(* Consider a well-posed network $\Sigma$ and nonempty closed sets $\mathcal{A}_i\subset\mathbb{R}^{n_i}$, $i\in\mathbb{N}$, and let $\mathcal{A}:=\{x\in X: x_i\in\mathcal{A}_i\ \forall i\}$. Suppose $\Sigma$ is eISS with respect to $\mathcal{A}$. Then there exist $M\in\mathbb{N}$ and continuous functions $W_i:\mathbb{R}^{n_i}\to[0,\infty)$, $i\in\mathbb{N}$, together with $\underline\omega_i,\overline\omega_i\in\mathcal{K}_\infty$, $\gamma_{ij}\in\mathcal{K}_\infty\cup\{0\}$, $\gamma_{iu}\in\mathcal{K}$ ($i,j\in\mathbb{N}$) such that: (1) $\underline\omega_i(|\xi_i|_{\mathcal{A}_i})\le W_i(\xi_i)\le\overline\omega_i(|\xi_i|_{\mathcal{A}_i})$ for all $i$ and $\xi_i\in\mathbb{R}^{n_i}$; (2) $W_i(x_i(M,\xi,u))\le\max\{\sup_{j\in\mathbb{N}}\gamma_{ij}(W_j(\xi_j)),\gamma_{iu}(\|u\|_\infty)\}$ for all $i$, $\xi\in X$, $u\in\mathcal{U}$; (3) there exist $\underline\omega,\overline\omega\in\mathcal{K}_\infty$ with $\underline\omega\le\underline\omega_i\le\overline\omega_i\le\overline\omega$ for all $i$, $\alpha\in\mathcal{K}_\infty$ with $\alpha(s)<s$ for $s>0$ and $\gamma_{ij}\le\alpha$ for all $i,j$, and $\bar\gamma_u\in\mathcal{K}$ with $\gamma_{iu}\le\bar\gamma_u$ for all $i$.
   Context: For each $i\in\mathbb{N}$ fix positive integers $n_i,p_i$, norms on $\mathbb{R}^{n_i},\mathbb{R}^{p_i}$, a finite set $I_i\subset\mathbb{N}\setminus\{i\}$ with every $\{j: i\in I_j\}$ finite, and continuous $f_i:\mathbb{R}^{n_i}\times\prod_{j\in I_i}\mathbb{R}^{n_j}\times\mathbb{R}^{p_i}\to\mathbb{R}^{n_i}$. $X$ (resp. $U$) the spaces of sequences $(x_i)$, $x_i\in\mathbb{R}^{n_i}$ (resp. $(u_i)$, $u_i\in\mathbb{R}^{p_i}$) with finite norm $|x|_\infty=\sup_i|x_i|$. $f(x,u)_i=f_i(x_i,(x_j)_{j\in I_i},u_i)$; network $\Sigma$: $x(k+1)=f(x(k),u(k))$; well-posed means $f(X\times U)\subset X$. $\mathcal{U}$: sequences $u:\mathbb{N}_0\to U$ with $\|u\|_\infty=\sup_k|u(k)|_\infty<\infty$; $x(k,\xi,u)$ the solution with $x(0)=\xi$, $x_i(k,\xi,u)$ its $i$-th component. $|z|_{\mathcal{A}_i}=\inf_{y\in\mathcal{A}_i}|z-y|$, $|x|_{\mathcal{A}}=\inf_{y\in\mathcal{A}}|x-y|_\infty$. $\Sigma$ is eISS w.r.t. $\mathcal{A}$ ($\mathcal{A}$ nonempty) if there exist $C\ge1$, $\rho\in[0,1)$, $\gamma\in\mathcal{K}$ with $|x(k,\xi,u)|_{\mathcal{A}}\le\max\{C\rho^k|\xi|_{\mathcal{A}},\gamma(\|u\|_\infty)\}$ for all $\xi\in X$, $u\in\mathcal{U}$, $k\in\mathbb{N}_0$. $\mathcal{K},\mathcal{K}_\infty$ standard comparison classes. *)

theory Defs
  imports "HOL-Analysis.Analysis"
begin
(* Let $p$ be a prime and let $\Phi_p$ be the set of all $\operatorname{fpt}(R,f)$, where $R$ ranges over $F$-pure rings of characteristic $p$ and $f$ over non-zero non-units of $R$. Then for every $\lambda\in\Phi_p$ and every integer $e\ge1$, we have $\langle\lambda\rangle_e\cdot\frac{p^e}{p^e-1}\le\lambda$.
   Context: A ring $R$ of characteristic $p$ is $F$-pure if $R\subseteq R^{1/p}$ splits as a map of $R$-modules. Roots and splitting. $R^{1/p^e}$ is the ring of formal $p^e$-th roots of elements of $R$, containing $R$ via $r\mapsto (r^{p^e})^{1/p^e}$. We write $f^{a/p^e}:=(f^a)^{1/p^e}$. The inclusion $R\cdot t\subseteq R^{1/p^e}$ splits if some $R$-linear $\theta:R^{1/p^e}\to R$ has $\theta(t)=1$. $F$-pure threshold. $(R,f^\lambda)$ is $F$-pure if $R\cdot f^{\lfloor (p^e-1)\lambda\rfloor/p^e}\subseteq R^{1/p^e}$ splits for all $e\ge1$. $\operatorname{fpt}(R,f)$ is the supremum of all $\lambda\ge0$ with $(R,f^\lambda)$ $F$-pure; it lies in $[0,1]$. Truncations. For $\alpha\in(0,1]$ with non-terminating base $p$ expansion $\alpha=\sum_{e\ge1}a_e/p^e$ (digits $0\le a_e\le p-1$, not all eventually zero), $\langle\alpha\rangle_e:=\sum_{i=1}^e a_i/p^i$. By convention $\langle0\rangle_e=0$. *)

theory Defs
  imports Complex_Main "HOL-Computational_Algebra.Primes"
begin

text \<open>R-linear maps R^{1/p^e} -> R. The ring of formal p^e-th roots R^{1/p^e} is a
  copy of R (s^{1/p^e} corresponds to s); r in R acts on it by r . s^{1/p^e} = (r^{p^e} s)^{1/p^e}.\<close>
definition root_linear :: "nat \<Rightarrow> nat \<Rightarrow> ('a::comm_ring_1 \<Rightarrow> 'a) \<Rightarrow> bool" where
  "root_linear p e th \<longleftrightarrow>
     (\<forall>x y. th (x + y) = th x + th y) \<and> (\<forall>r s. th (r ^ (p ^ e) * s) = r * th s)"

text \<open>R . t^{1/p^e} \<subseteq> R^{1/p^e} splits (t given as element of R, representing t^{1/p^e}).\<close>
definition root_splits :: "nat \<Rightarrow> nat \<Rightarrow> 'a::comm_ring_1 \<Rightarrow> bool" where
  "root_splits p e t \<longleftrightarrow> (\<exists>th. root_linear p e th \<and> th t = 1)"

definition F_pure_ring :: "nat \<Rightarrow> 'a::comm_ring_1 itself \<Rightarrow> bool" where
  "F_pure_ring p R \<longleftrightarrow> root_splits p 1 (1::'a)"

definition F_pure_pair :: "nat \<Rightarrow> 'a::comm_ring_1 \<Rightarrow> real \<Rightarrow> bool" where
  "F_pure_pair p f lam \<longleftrightarrow>
     (\<forall>e\<ge>1. root_splits p e (f ^ nat \<lfloor>(real p ^ e - 1) * lam\<rfloor>))"

definition fpt :: "nat \<Rightarrow> 'a::comm_ring_1 \<Rightarrow> real" where
  "fpt p f = Sup {lam. lam \<ge> 0 \<and> F_pure_pair p f lam}"

text \<open>Non-terminating base-p expansion alpha = sum_{i>=1} a_i / p^i (a 0 = 0 unused).\<close>
definition nonterm_expansion :: "nat \<Rightarrow> real \<Rightarrow> (nat \<Rightarrow> nat) \<Rightarrow> bool" where
  "nonterm_expansion p alpha a \<longleftrightarrow>
     a 0 = 0 \<and> (\<forall>i. a i \<le> p - 1) \<and> (\<forall>N. \<exists>i>N. a i \<noteq> 0) \<and>
     (\<lambda>i. real (a (Suc i)) / real p ^ Suc i) sums alpha"
(* Let $V=V_0+V_1$ with $V_0\in L^\infty(\mathbb{R})$, $\operatorname{ess\,inf}V_0>0$, and $V_1\in\mathcal{M}_1(\mathbb{R})$. Then the function $a\mapsto F(a;V)$ is continuous on $\mathbb{R}$.
   Context: Elements of $H^1(\mathbb{R})$ are identified with their continuous representatives; $\|u\|_\infty:=\|u\|_{L^\infty(\mathbb{R})}$. $\mathcal{M}_1(\mathbb{R})$ is the set of signed Radon measures on $\mathbb{R}$ with finite total variation. The potential $V=V_0+V_1$ acts as the bilinear form $V(u,v):=\int_{\mathbb{R}}V_0uv\,dx+\int_{\mathbb{R}}uv\,dV_1$ on $H^1(\mathbb{R})$, and $I(u;V):=\|u'\|_{L^2(\mathbb{R})}^2+V(u,u)$. For $a\in\mathbb{R}$, $K_a:=\{u\in H^1(\mathbb{R}):u(a)=\|u\|_\infty=1\}$ and $F(a;V):=\inf_{u\in K_a}I(u;V)$. *)

theory Defs
  imports "HOL-Analysis.Analysis"
begin

definition weak_deriv :: "(real \<Rightarrow> real) \<Rightarrow> (real \<Rightarrow> real) \<Rightarrow> bool" where
  "weak_deriv u g \<longleftrightarrow> g \<in> borel_measurable borel \<and>
     (\<forall>x y. x \<le> y \<longrightarrow> set_integrable lborel {x..y} g \<and>
        u y - u x = (LINT t:{x..y}|lborel. g t))"

text \<open>The Sobolev space H^1(R), elements identified with continuous representatives.\<close>
definition H1 :: "(real \<Rightarrow> real) set" where
  "H1 = {u. u \<in> borel_measurable borel \<and> integrable lborel (\<lambda>x. (u x)\<^sup>2) \<and>
            (\<exists>g. weak_deriv u g \<and> integrable lborel (\<lambda>x. (g x)\<^sup>2))}"

text \<open>The (a.e. unique) L^2 weak derivative u'.\<close>
definition wderiv :: "(real \<Rightarrow> real) \<Rightarrow> (real \<Rightarrow> real)" where
  "wderiv u = (SOME g. weak_deriv u g \<and> integrable lborel (\<lambda>x. (g x)\<^sup>2))"

text \<open>The signed finite measure V1 is given by its Jordan decomposition V1 = M1 - M2,
  M1, M2 finite Borel measures on R.  The bilinear form
  V(u,v) = int V0 u v dx + int u v dV1.\<close>
definition Vform :: "(real \<Rightarrow> real) \<Rightarrow> real measure \<Rightarrow> real measure
                     \<Rightarrow> (real \<Rightarrow> real) \<Rightarrow> (real \<Rightarrow> real) \<Rightarrow> real" where
  "Vform V0 M1 M2 u v = (\<integral>x. V0 x * u x * v x \<partial>lborel)
      + ((\<integral>x. u x * v x \<partial>M1) - (\<integral>x. u x * v x \<partial>M2))"
lemma GAS_endemic:
  assumes "0 < \<beta>" and "0 < \<beta>a" and "0 < \<alpha>" and "0 \<le> xa" and "xa \<le> 1"
    and "0 < \<beta> - \<beta>a * xa - \<alpha>"
  defines "K \<equiv> (\<beta> - \<beta>a * xa - \<alpha>) / (\<beta> - \<beta>a * xa - \<alpha> + \<alpha>)"
  shows "GAS \<beta> \<beta>a \<alpha> xa (xa * K, (1 - xa) * K)"
  unfolding GAS_def
proof (intro conjI ballI allI impI)
  show "(xa * K, (1 - xa) * K) \<in> equilibria \<beta> \<beta>a \<alpha> xa"
    unfolding K_def using assms by (intro endemic_mem_equilibria)
  fix i0 i
  assume "i0 \<in> Gamma xa - equilibria \<beta> \<beta>a \<alpha> xa" and "is_solution \<beta> \<beta>a \<alpha> xa i0 i"
  then interpret asis_trajectory \<beta> \<beta>a \<alpha> xa i0 i
    using assms by (intro asis_trajectoryI)
  show "(i \<longlongrightarrow> (xa * K, (1 - xa) * K)) at_top"
    unfolding K_def using trajectory_tendsto[OF I_tendsto_endemic[OF assms(6)]] .
qed

text \<open>Above threshold, a logistic motion along the ray through the endemic equilibrium
  is a solution that does not tend to \<open>(0, 0)\<close>.\<close>

lemma disease_free_not_GAS:
  assumes "0 < \<beta>" and "0 < \<beta>a" and "0 < \<alpha>" and "0 \<le> xa" and "xa \<le> 1"
    and "0 < \<beta> - \<beta>a * xa - \<alpha>"
  shows "\<not> GAS \<beta> \<beta>a \<alpha> xa (0, 0)"
proof
  assume GAS: "GAS \<beta> \<beta>a \<alpha> xa (0, 0)"
  define l where "l = \<beta> - \<beta>a * xa - \<alpha>"
  define K where "K = l / (l + \<alpha>)"
  have K: "0 < K" "K < 1"
    unfolding K_def l_def using assms by auto
  define s where "s = logistic l K"
  have "(s has_real_derivative s t * ((\<beta> - \<beta>a * xa) * (1 - s t) - \<alpha>)) (at t within {0..})" for t
  proof -
    have eq: "l * s t * (1 - s t / K) = s t * ((\<beta> - \<beta>a * xa) * (1 - s t) - \<alpha>)"
      using assms(6) \<open>0 < \<alpha>\<close> by (simp add: K_def l_def field_simps)
    have "(s has_real_derivative l * s t * (1 - s t / K)) (at t within {0..})"
      unfolding s_def using K by (intro logistic_has_derivative) simp
    then show ?thesis
      unfolding eq .
  qed
  then have sol: "is_solution \<beta> \<beta>a \<alpha> xa (xa * (K / 2), (1 - xa) * (K / 2))
      (\<lambda>t. (xa * s t, (1 - xa) * s t))"
    using ray_is_solution by (fastforce simp: s_def logistic_def)
  have "(\<beta> - \<beta>a * xa) * (1 - K / 2) = \<alpha> + l / 2"
    using assms(3,6) by (simp add: K_def l_def field_simps)
  then have "(xa * (K / 2), (1 - xa) * (K / 2)) \<notin> equilibria \<beta> \<beta>a \<alpha> xa"
    using ray_mem_equilibria_iff[of xa "K / 2"] K assms(4-6) by (simp add: l_def)
  moreover have "(xa * (K / 2), (1 - xa) * (K / 2)) \<in> Gamma xa"
    using ray_mem_Gamma[of xa "K / 2"] K assms(4,5) by simp
  ultimately have "(xa * (K / 2), (1 - xa) * (K / 2)) \<in> Gamma xa - equilibria \<beta> \<beta>a \<alpha> xa"
    by blast
  with GAS sol have "((\<lambda>t. (xa * s t, (1 - xa) * s t)) \<longlongrightarrow> (0, 0)) at_top"
    unfolding GAS_def by blast
  moreover have "((\<lambda>t. (xa * s t, (1 - xa) * s t)) \<longlongrightarrow> (xa * K, (1 - xa) * K)) at_top"
    using logistic_tendsto[of l K] assms(6) by (auto simp: s_def l_def intro!: tendsto_intros)
  ultimately have "(0, 0) = (xa * K, (1 - xa) * K)"
    by (rule tendsto_unique[OF trivial_limit_at_top_linorder])
  then show False
    using K by auto
qed

lemma interior_equilibrium_iff:
  assumes "0 < \<beta>" and "0 < \<beta>a" and "0 < \<alpha>" and "0 < xa" and "xa < 1"
    and "0 < \<beta> - \<beta>a * xa - \<alpha>" and "q \<in> interior_pts xa"
  defines "K \<equiv> (\<beta> - \<beta>a * xa - \<alpha>) / (\<beta> - \<beta>a * xa - \<alpha> + \<alpha>)"
  shows "q \<in> equilibria \<beta> \<beta>a \<alpha> xa \<longleftrightarrow> q = (xa * K, (1 - xa) * K)"
proof
  assume eq: "q \<in> equilibria \<beta> \<beta>a \<alpha> xa"
  obtain a r where q: "q = (a, r)" and a: "0 < a" "a < xa" and r: "0 < r" "r < 1 - xa"
    using assms(7) by (cases q) (auto simp: interior_pts_def)
  have "(1 - xa) * Fa \<beta> \<beta>a \<alpha> xa a r - xa * Fr \<beta> \<beta>a \<alpha> xa a r = 0"
    using eq by (simp add: q equilibria_def)
  moreover have "0 < \<beta> * (a + r) + \<beta>a * (xa - a) + \<alpha>"
    using assms(1-3) a r by (intro add_pos_pos) auto
  ultimately have "(1 - xa) * a - xa * r = 0"
    unfolding Fa_Fr_imbalance by simp
  then have ray: "q = (xa * (a + r), (1 - xa) * (a + r))"
    by (simp add: q algebra_simps)
  with eq have "(\<beta> - \<beta>a * xa) * (1 - (a + r)) = \<alpha>"
    using ray_mem_equilibria_iff[of xa "a + r"] assms(4,5) a r by auto
  then have "a + r = K"
    using assms(3,6) by (simp add: K_def field_simps)
  with ray show "q = (xa * K, (1 - xa) * K)"
    by simp
next
  assume "q = (xa * K, (1 - xa) * K)"
  then show "q \<in> equilibria \<beta> \<beta>a \<alpha> xa"
    using endemic_mem_equilibria[OF assms(3) _ _ assms(6)] assms(4,5) unfolding K_def by simp
qed
lemma T_word_coeff_vanishes_at_zero:
  assumes "reduced_word k is \<pi>" "\<rho> permutes {..<k}" "a < k" "\<pi> (inv \<rho> a) < a"
    and "inj_on w {..<k}" "w a = 0"
  shows "T_word_coeff q is \<rho> w = 0"
  using assms
proof (induction "is" arbitrary: \<pi> \<rho> rule: rev_induct)
  case Nil
  then have "\<rho> \<noteq> id"
    by (auto simp: reduced_word_def)
  then show ?case
    by (simp add: T_word_coeff_Nil)
next
  case (snoc j "is")
  let ?y = "inv \<rho> a"
  have red: "reduced_word k is (\<pi> \<circ> sigma j)" and asc: "\<pi> (Suc j) < \<pi> j"
    using reduced_word_snocD[OF snoc.prems(1)] by (auto simp: reduced_word_def)
  have j: "Suc j < k"
    using snoc.prems(1) by (simp add: reduced_word_def)
  have "T_word_coeff q is (\<rho> \<circ> sigma j) w = 0"
  proof (rule snoc.IH[OF red _ snoc.prems(3) _ snoc.prems(5,6)])
    show "\<rho> \<circ> sigma j permutes {..<k}"
      by (rule permutes_compose[OF sigma_permutes[OF j] snoc.prems(2)])
    show "(\<pi> \<circ> sigma j) (inv (\<rho> \<circ> sigma j) a) < a"
      using snoc.prems(2,4) by (simp add: inv_comp_sigma)
  qed
  moreover have "T_word_coeff q is \<rho> w * (of_real q - swap_coeff q j (w \<circ> \<rho>)) = 0"
  proof (cases "?y = Suc j")
    case True
    then have \<rho>: "\<rho> (Suc j) = a"
      using snoc.prems(2) by (simp add: permutes_inv_eq)
    have "\<rho> j \<noteq> \<rho> (Suc j)" "\<rho> j < k"
      using snoc.prems(2) j permutes_in_image[OF snoc.prems(2), of j] by (simp_all add: permutes_inj inj_eq)
    then have "w (\<rho> j) \<noteq> w a"
      using snoc.prems(3) \<rho> by (simp add: inj_on_eq_iff[OF snoc.prems(5)])
    then show ?thesis
      using \<rho> snoc.prems(6) by (simp add: swap_coeff_eq_q)
  next
    case False
    have "(\<pi> \<circ> sigma j) ?y < a"
      using False asc snoc.prems(4)
      by (cases "?y = j") (auto simp: sigma_def Transposition.transpose_def)
    then show ?thesis
      using snoc.IH[OF red snoc.prems(2,3) _ snoc.prems(5,6)] by simp
  qed
  ultimately show ?case
    by (simp add: T_word_coeff_snoc)
qed

section \<open>Behaviour at infinity\<close>

lemma tendsto_linear_fraction_at_infinity:
  fixes \<alpha> \<beta> \<gamma> \<delta> :: "'a::real_normed_field"
  assumes "\<gamma> \<noteq> 0"
  shows "((\<lambda>z. (\<alpha> * z + \<beta>) / (\<gamma> * z + \<delta>)) \<longlongrightarrow> \<alpha> / \<gamma>) at_infinity"
proof (rule Lim_transform_eventually)
  have "((\<lambda>z. (\<alpha> + \<beta> / z) / (\<gamma> + \<delta> / z)) \<longlongrightarrow> (\<alpha> + 0) / (\<gamma> + 0)) at_infinity"
    using assms by (intro tendsto_intros tendsto_divide_0[OF tendsto_const filterlim_ident]) simp
  then show "((\<lambda>z. (\<alpha> + \<beta> / z) / (\<gamma> + \<delta> / z)) \<longlongrightarrow> \<alpha> / \<gamma>) at_infinity"
    by simp
  show "\<forall>\<^sub>F z in at_infinity. (\<alpha> + \<beta> / z) / (\<gamma> + \<delta> / z) = (\<alpha> * z + \<beta>) / (\<gamma> * z + \<delta>)"
    using eventually_not_equal_at_infinity[of 0]
    by eventually_elim (simp add: add_divide_eq_iff)
qed

lemma swap_coeff_upd_tendsto_q:
  assumes "g j = a" "g (Suc j) \<noteq> a"
  shows "((\<lambda>z. swap_coeff q j (w(a := z) \<circ> g)) \<longlongrightarrow> of_real q) at_infinity"
proof -
  let ?c = "w (g (Suc j))"
  have "(\<lambda>z. swap_coeff q j (w(a := z) \<circ> g)) = (\<lambda>z. (- of_real q * z + ?c) / (- 1 * z + ?c))"
    using assms by (simp add: fun_eq_iff swap_coeff_def)
  then show ?thesis
    using tendsto_linear_fraction_at_infinity[of "- 1" "- of_real q" ?c ?c] by simp
qed

lemma swap_coeff_upd_tendsto_1:
  assumes "g (Suc j) = a" "g j \<noteq> a"
  shows "((\<lambda>z. swap_coeff q j (w(a := z) \<circ> g)) \<longlongrightarrow> 1) at_infinity"
proof -
  let ?c = "w (g j)"
  have "(\<lambda>z. swap_coeff q j (w(a := z) \<circ> g)) = (\<lambda>z. (1 * z + - of_real q * ?c) / (1 * z + - ?c))"
    using assms by (simp add: fun_eq_iff swap_coeff_def)
  then show ?thesis
    using tendsto_linear_fraction_at_infinity[of 1 1 "- of_real q * ?c" "- ?c"] by simp
qed

lemma swap_coeff_upd_convergent:
  "\<exists>L. ((\<lambda>z. swap_coeff q j (w(a := z) \<circ> g)) \<longlongrightarrow> L) at_infinity"
proof -
  consider "g j = a" "g (Suc j) \<noteq> a" | "g j \<noteq> a" "g (Suc j) = a" | "g j = a \<longleftrightarrow> g (Suc j) = a"
    by blast
  then show ?thesis
  proof cases
    case 1
    then show ?thesis using swap_coeff_upd_tendsto_q[of g j a q w] by blast
  next
    case 2
    then show ?thesis using swap_coeff_upd_tendsto_1[of g j a q w] by blast
  next
    case 3
    \<comment> \<open>If g j = g (Suc j) = a, both sides are the junk value x / 0 = 0.\<close>
    then have "(\<lambda>z. swap_coeff q j (w(a := z) \<circ> g)) = (\<lambda>z. swap_coeff q j (w \<circ> g))"
      by (auto simp: fun_eq_iff swap_coeff_def)
    then show ?thesis
      by (auto intro: tendsto_const)
  qed
qed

------------------------------

§ What you need to do
Copy out each line of the material that holds the word "moreover".

§ Output for this exercise
  moreover have "(xa * (K / 2), (1 - xa) * (K / 2)) \<in> Gamma xa"
  moreover have "((\<lambda>t. (xa * s t, (1 - xa) * s t)) \<longlongrightarrow> (xa * K, (1 - xa) * K)) at_top"
  moreover have "0 < \<beta> * (a + r) + \<beta>a * (xa - a) + \<alpha>"
  moreover have "T_word_coeff q is \<rho> w * (of_real q - swap_coeff q j (w \<circ> \<rho>)) = 0"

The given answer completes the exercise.